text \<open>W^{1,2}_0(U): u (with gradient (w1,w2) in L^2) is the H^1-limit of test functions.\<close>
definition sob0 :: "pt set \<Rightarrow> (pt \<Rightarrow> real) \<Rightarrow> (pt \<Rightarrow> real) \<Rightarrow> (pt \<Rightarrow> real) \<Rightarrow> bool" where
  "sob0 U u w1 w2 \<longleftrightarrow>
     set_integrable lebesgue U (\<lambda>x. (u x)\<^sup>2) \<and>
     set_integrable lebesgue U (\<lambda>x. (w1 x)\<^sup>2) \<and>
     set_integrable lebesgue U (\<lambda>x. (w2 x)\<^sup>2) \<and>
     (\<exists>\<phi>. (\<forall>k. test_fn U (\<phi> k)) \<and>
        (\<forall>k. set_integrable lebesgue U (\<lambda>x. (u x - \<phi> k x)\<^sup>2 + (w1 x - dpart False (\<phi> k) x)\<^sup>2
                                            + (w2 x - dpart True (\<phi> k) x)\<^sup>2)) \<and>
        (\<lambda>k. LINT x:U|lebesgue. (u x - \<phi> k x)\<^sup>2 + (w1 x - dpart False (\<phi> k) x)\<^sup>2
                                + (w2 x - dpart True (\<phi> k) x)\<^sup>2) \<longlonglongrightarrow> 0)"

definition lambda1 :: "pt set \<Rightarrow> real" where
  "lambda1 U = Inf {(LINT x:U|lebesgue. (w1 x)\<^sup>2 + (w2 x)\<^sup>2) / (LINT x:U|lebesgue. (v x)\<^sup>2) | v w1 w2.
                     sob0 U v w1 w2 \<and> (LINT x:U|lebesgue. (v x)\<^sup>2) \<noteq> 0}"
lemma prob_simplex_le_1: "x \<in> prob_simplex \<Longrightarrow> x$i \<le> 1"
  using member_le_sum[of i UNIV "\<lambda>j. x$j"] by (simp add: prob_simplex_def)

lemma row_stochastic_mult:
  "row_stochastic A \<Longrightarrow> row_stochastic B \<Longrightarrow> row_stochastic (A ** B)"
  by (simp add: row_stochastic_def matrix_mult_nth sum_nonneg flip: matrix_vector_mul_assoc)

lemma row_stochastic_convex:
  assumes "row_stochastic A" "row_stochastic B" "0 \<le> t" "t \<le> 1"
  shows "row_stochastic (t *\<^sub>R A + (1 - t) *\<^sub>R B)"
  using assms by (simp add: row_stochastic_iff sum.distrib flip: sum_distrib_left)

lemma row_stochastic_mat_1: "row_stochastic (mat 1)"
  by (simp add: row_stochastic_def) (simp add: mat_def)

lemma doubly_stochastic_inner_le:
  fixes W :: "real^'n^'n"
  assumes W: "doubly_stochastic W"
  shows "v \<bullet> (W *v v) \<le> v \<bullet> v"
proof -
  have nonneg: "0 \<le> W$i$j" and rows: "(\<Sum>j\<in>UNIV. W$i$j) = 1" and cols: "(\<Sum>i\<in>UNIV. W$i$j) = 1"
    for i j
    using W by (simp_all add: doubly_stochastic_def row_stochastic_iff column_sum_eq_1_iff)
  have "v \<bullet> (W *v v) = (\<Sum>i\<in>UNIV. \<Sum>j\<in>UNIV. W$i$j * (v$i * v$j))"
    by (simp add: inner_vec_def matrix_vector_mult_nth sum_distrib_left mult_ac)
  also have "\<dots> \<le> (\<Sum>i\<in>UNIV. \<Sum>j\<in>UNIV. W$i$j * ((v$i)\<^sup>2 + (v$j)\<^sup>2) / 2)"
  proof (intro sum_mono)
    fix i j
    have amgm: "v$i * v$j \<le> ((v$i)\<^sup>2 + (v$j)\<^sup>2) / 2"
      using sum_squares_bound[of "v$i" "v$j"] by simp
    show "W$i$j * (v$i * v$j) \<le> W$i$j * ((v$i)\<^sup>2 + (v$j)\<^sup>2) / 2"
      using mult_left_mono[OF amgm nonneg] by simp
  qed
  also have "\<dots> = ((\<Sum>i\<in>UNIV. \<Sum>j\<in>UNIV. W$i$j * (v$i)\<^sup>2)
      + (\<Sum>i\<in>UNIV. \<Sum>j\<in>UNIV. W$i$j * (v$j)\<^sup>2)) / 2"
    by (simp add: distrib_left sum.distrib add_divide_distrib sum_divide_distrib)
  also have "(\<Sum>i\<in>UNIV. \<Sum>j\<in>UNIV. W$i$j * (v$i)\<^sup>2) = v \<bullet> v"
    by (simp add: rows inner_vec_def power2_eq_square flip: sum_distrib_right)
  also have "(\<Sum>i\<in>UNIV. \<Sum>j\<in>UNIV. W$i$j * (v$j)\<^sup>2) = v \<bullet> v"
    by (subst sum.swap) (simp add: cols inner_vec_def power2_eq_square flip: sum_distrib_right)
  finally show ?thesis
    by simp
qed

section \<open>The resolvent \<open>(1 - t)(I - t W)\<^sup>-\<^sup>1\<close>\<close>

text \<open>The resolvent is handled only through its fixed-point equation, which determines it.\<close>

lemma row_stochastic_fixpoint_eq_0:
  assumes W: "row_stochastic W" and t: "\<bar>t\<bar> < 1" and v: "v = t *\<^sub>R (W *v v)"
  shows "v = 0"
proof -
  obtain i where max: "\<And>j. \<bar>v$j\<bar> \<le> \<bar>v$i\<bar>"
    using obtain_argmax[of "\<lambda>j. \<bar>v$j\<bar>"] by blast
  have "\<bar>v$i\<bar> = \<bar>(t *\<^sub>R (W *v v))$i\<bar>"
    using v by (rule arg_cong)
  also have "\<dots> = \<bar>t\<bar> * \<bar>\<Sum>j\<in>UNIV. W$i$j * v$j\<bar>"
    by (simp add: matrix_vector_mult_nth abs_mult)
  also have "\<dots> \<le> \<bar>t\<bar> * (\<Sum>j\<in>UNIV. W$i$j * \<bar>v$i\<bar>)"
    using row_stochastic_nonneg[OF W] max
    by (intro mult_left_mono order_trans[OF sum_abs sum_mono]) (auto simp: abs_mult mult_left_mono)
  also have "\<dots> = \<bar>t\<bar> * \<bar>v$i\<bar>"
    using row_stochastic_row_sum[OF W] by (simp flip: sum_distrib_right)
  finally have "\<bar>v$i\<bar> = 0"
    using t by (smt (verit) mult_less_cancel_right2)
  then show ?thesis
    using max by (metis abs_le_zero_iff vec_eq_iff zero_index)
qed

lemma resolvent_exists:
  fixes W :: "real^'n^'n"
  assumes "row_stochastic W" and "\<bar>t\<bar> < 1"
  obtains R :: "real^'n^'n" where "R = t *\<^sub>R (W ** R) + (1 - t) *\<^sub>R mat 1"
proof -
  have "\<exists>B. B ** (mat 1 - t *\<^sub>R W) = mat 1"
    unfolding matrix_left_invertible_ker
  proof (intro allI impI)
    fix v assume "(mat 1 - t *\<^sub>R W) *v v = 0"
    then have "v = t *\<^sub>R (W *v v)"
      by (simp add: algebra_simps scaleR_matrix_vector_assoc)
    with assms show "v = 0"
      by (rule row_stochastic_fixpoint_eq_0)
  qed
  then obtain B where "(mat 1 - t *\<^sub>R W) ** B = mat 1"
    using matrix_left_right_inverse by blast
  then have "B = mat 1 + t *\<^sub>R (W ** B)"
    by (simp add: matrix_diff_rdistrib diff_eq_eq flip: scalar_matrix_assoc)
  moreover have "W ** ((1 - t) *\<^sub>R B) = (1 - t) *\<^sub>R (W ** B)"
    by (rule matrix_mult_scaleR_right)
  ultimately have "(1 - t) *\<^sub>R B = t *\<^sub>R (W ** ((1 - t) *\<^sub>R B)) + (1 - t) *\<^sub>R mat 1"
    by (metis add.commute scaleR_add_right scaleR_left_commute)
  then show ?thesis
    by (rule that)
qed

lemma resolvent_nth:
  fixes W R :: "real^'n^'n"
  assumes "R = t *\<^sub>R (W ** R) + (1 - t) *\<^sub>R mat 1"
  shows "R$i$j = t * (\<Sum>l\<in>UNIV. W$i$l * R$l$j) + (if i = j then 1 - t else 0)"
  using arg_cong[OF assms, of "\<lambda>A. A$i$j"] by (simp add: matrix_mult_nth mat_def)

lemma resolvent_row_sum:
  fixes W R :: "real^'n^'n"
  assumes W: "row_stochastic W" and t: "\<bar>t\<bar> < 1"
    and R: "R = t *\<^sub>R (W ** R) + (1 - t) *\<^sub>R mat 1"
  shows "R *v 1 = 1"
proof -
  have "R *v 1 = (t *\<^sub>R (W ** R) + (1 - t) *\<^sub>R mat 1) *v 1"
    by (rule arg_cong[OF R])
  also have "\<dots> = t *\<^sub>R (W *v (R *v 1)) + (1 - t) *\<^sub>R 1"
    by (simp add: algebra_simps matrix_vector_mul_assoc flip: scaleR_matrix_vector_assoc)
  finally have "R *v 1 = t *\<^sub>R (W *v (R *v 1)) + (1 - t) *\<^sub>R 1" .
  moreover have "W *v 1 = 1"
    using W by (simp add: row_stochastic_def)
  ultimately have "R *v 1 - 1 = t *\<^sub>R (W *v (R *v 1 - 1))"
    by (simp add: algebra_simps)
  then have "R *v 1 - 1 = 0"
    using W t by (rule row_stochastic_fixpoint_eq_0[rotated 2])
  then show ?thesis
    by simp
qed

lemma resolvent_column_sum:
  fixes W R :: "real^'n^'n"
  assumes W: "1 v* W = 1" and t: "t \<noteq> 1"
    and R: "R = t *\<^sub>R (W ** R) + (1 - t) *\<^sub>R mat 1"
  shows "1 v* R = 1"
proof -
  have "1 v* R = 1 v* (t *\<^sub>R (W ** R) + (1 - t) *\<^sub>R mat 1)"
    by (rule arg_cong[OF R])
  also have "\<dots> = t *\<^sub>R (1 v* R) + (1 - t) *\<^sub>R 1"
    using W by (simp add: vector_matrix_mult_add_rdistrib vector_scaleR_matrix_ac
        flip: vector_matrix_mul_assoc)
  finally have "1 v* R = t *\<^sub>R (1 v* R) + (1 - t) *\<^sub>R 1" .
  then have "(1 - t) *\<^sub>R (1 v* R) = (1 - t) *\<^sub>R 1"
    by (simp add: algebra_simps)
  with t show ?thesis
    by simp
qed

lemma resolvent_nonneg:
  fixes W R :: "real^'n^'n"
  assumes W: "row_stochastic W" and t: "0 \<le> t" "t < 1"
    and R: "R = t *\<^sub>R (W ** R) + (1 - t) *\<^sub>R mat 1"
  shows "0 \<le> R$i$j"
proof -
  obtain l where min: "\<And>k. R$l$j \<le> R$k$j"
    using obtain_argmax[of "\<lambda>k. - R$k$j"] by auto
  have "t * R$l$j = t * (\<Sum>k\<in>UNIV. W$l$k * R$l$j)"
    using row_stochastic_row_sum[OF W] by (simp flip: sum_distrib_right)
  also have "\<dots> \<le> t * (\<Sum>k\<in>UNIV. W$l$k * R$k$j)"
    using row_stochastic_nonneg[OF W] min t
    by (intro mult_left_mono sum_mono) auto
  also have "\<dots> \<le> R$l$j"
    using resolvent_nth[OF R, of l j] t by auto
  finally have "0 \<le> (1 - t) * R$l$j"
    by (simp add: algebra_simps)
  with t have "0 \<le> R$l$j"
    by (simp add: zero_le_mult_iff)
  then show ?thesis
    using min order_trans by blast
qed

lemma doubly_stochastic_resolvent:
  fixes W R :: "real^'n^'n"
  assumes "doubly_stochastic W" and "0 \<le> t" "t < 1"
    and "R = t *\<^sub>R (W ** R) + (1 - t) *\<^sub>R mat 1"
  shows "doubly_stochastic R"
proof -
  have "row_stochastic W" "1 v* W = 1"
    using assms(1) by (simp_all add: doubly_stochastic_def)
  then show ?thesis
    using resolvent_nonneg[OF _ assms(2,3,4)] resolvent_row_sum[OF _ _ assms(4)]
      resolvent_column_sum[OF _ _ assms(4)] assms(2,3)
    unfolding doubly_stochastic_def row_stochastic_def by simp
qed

+ + + +

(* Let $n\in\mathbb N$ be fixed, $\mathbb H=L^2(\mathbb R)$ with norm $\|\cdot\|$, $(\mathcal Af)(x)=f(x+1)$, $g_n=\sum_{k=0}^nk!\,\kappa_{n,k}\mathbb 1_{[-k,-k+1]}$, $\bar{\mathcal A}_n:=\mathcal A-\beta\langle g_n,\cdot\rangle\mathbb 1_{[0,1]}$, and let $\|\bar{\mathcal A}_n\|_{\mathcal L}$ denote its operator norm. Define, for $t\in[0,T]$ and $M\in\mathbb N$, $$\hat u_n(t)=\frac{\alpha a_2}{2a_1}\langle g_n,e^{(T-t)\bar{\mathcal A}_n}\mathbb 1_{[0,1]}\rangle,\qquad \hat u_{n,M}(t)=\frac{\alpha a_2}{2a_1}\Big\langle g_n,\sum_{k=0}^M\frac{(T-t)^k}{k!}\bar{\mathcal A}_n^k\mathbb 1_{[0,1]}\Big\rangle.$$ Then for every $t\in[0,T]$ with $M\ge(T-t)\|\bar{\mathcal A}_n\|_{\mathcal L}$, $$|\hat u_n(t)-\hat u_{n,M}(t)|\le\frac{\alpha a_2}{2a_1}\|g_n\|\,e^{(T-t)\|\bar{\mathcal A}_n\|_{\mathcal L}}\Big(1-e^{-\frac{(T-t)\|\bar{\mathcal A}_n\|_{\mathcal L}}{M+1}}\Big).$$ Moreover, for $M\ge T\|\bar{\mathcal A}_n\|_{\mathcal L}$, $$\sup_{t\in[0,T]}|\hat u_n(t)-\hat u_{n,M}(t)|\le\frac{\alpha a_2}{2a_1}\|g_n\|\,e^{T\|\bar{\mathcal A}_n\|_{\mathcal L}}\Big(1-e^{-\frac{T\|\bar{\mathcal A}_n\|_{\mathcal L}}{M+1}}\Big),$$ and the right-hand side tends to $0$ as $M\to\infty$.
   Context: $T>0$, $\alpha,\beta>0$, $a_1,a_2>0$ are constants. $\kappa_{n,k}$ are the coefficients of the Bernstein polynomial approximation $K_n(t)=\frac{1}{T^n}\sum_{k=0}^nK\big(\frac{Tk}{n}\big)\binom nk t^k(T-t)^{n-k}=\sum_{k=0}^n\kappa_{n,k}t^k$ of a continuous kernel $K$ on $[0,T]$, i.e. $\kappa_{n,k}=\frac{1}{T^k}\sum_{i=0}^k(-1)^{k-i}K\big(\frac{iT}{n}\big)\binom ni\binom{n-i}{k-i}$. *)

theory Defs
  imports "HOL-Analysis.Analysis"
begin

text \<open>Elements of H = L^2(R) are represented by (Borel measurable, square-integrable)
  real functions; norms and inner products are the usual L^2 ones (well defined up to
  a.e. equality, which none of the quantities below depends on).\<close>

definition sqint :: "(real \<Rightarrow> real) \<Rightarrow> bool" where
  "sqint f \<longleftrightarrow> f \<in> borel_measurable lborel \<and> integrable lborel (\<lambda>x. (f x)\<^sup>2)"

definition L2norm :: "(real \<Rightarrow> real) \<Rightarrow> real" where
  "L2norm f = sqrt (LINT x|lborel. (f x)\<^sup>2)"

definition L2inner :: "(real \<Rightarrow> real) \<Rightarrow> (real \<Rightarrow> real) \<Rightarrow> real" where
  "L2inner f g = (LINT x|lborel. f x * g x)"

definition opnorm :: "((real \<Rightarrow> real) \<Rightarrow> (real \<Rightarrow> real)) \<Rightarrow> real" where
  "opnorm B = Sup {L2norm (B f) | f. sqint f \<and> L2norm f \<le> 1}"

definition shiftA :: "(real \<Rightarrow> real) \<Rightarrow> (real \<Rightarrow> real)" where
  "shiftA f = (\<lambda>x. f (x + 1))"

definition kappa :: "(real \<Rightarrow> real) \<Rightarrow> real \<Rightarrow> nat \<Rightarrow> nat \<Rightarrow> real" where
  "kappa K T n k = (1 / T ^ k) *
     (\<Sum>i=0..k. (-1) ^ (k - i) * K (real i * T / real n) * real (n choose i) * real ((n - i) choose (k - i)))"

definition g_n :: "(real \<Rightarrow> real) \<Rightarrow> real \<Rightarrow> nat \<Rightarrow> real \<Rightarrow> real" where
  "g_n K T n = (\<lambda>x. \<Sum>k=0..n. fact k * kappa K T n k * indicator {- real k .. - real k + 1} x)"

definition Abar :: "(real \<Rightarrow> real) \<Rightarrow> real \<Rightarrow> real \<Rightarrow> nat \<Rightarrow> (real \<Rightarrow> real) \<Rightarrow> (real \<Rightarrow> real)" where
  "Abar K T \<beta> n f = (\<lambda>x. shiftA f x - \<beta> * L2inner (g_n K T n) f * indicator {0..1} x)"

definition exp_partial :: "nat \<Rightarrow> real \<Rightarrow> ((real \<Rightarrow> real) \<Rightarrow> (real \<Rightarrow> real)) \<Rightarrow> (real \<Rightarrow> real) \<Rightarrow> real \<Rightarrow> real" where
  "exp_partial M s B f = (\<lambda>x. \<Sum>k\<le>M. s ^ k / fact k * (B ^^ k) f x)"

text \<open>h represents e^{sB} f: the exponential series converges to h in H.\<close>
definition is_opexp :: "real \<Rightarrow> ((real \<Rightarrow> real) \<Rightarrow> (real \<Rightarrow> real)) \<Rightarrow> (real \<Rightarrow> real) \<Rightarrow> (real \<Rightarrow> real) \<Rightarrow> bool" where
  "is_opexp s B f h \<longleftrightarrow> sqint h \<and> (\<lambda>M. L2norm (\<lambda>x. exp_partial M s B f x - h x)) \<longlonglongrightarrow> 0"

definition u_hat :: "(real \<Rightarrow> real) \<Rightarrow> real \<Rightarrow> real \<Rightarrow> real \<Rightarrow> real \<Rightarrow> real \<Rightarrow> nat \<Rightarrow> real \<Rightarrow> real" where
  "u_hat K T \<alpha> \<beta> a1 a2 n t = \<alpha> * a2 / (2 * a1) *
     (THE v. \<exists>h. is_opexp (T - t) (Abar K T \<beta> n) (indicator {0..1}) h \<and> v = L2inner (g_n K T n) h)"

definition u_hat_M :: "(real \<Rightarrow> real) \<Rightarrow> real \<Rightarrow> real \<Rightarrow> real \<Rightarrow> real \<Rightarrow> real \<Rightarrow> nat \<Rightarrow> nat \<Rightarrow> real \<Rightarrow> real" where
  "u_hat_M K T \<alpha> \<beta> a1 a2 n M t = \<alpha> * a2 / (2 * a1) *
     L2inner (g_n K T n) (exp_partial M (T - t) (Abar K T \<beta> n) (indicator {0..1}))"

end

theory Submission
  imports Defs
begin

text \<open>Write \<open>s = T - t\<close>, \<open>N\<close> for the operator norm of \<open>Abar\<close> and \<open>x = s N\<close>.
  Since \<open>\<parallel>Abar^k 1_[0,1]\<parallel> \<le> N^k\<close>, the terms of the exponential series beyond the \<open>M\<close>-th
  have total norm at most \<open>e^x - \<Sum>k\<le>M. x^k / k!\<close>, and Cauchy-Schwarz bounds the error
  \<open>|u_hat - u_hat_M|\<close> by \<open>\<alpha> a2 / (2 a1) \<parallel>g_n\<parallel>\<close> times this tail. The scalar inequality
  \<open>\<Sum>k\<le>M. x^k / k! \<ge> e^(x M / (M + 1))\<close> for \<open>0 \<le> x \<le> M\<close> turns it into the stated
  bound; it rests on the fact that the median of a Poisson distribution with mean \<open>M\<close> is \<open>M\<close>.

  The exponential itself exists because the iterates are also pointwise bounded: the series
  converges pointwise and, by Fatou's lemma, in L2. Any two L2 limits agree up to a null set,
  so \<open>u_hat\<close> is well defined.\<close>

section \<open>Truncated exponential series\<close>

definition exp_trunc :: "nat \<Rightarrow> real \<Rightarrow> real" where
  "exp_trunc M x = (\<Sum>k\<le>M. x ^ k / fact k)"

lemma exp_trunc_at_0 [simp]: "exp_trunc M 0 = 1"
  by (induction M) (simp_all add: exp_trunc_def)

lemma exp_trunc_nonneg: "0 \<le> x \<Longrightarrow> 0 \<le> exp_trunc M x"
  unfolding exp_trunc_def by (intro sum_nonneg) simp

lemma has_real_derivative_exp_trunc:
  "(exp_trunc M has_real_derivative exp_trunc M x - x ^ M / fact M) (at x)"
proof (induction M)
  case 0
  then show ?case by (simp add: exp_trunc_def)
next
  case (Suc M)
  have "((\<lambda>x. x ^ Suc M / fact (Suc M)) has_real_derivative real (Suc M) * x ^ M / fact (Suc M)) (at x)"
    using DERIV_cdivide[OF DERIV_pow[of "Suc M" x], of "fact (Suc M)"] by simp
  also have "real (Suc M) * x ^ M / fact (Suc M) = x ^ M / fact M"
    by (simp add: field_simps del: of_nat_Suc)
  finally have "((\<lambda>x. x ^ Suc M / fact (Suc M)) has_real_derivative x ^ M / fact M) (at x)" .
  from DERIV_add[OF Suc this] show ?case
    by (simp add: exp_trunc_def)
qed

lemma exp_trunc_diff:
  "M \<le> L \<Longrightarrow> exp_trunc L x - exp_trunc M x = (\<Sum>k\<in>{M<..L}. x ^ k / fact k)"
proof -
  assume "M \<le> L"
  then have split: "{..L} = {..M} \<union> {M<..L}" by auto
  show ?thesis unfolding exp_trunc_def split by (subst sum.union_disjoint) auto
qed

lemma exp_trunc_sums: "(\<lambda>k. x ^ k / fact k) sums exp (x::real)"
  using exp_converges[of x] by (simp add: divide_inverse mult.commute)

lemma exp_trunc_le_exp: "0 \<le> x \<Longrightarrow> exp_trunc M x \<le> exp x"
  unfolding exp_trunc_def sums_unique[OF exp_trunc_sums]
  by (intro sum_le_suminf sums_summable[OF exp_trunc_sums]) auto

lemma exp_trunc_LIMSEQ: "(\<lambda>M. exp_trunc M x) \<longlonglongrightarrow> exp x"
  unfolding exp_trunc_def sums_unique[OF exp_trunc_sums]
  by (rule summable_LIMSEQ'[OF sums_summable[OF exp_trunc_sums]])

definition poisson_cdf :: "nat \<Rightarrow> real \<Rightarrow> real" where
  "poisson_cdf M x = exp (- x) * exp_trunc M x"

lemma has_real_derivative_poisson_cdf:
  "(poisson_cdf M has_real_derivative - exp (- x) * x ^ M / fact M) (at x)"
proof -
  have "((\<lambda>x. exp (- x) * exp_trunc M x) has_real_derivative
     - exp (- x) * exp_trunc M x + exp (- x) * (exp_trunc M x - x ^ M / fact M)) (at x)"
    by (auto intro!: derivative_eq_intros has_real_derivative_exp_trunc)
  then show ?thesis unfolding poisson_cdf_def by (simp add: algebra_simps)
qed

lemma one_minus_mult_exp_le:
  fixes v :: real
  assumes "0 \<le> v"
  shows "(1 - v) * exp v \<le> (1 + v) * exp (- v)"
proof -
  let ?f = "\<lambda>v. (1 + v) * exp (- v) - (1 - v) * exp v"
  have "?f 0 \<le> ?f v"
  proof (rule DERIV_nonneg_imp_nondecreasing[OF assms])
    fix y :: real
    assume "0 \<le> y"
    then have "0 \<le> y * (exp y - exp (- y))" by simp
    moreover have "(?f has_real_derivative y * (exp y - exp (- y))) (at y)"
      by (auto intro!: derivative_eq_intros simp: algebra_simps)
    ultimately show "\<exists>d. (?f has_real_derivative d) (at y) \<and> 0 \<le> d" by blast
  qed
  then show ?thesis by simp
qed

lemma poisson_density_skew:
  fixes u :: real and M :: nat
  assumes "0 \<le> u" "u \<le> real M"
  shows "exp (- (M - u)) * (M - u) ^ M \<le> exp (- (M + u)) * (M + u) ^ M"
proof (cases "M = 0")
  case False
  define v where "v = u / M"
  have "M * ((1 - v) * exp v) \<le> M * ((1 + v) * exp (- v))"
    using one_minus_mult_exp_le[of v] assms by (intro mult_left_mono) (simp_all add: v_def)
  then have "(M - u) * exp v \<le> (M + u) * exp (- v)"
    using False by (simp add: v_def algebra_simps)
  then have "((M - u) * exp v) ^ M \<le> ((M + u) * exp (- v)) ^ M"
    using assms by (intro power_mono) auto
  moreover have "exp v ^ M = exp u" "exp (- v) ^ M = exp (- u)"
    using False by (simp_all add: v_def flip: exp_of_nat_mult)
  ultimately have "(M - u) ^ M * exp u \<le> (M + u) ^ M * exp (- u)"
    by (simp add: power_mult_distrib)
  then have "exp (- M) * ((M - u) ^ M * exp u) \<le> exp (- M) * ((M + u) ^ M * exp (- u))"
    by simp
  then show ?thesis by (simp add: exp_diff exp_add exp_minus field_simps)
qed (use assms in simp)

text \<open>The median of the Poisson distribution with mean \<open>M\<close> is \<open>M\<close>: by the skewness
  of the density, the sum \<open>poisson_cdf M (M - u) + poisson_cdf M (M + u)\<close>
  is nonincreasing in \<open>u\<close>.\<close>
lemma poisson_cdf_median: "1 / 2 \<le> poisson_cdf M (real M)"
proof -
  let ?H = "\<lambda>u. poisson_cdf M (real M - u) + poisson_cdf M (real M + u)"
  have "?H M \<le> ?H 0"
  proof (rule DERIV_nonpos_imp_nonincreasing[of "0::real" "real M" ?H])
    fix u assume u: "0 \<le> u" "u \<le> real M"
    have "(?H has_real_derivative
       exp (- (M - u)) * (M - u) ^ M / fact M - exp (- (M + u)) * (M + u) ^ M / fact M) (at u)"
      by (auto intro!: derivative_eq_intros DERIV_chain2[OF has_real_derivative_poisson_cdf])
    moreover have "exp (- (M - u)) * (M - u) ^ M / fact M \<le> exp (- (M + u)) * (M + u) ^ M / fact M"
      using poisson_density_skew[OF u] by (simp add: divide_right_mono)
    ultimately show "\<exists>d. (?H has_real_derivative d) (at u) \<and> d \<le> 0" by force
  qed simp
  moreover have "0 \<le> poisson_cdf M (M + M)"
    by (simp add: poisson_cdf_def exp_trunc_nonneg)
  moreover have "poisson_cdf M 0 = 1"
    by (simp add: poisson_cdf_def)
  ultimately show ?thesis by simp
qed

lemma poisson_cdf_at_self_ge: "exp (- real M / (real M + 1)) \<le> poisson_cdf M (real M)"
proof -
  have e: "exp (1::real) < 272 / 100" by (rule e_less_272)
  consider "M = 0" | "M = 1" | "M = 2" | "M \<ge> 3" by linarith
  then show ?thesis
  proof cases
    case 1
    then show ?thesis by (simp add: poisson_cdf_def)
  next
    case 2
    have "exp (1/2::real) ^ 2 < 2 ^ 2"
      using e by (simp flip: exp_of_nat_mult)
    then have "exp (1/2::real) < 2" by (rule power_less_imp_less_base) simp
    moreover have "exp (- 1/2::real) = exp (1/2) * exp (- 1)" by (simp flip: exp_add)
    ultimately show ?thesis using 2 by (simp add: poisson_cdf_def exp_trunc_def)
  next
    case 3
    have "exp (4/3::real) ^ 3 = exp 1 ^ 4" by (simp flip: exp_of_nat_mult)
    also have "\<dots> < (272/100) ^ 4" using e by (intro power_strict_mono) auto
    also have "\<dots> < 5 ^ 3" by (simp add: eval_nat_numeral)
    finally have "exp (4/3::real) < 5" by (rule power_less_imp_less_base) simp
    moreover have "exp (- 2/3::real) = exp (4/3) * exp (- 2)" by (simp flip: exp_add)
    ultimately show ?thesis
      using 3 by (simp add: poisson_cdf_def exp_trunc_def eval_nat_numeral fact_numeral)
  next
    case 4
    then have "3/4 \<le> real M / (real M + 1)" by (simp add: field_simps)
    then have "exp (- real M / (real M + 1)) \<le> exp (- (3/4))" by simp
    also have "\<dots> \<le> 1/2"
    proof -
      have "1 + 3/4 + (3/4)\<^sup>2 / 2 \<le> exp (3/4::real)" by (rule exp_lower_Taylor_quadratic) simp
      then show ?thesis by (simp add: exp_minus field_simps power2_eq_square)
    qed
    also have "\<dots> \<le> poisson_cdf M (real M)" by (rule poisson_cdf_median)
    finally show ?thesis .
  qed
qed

+ + + +

In the material above, find each line that contains the word "amgm", and select it.

    have amgm: "v$i * v$j \<le> ((v$i)\<^sup>2 + (v$j)\<^sup>2) / 2"
      using mult_left_mono[OF amgm nonneg] by simp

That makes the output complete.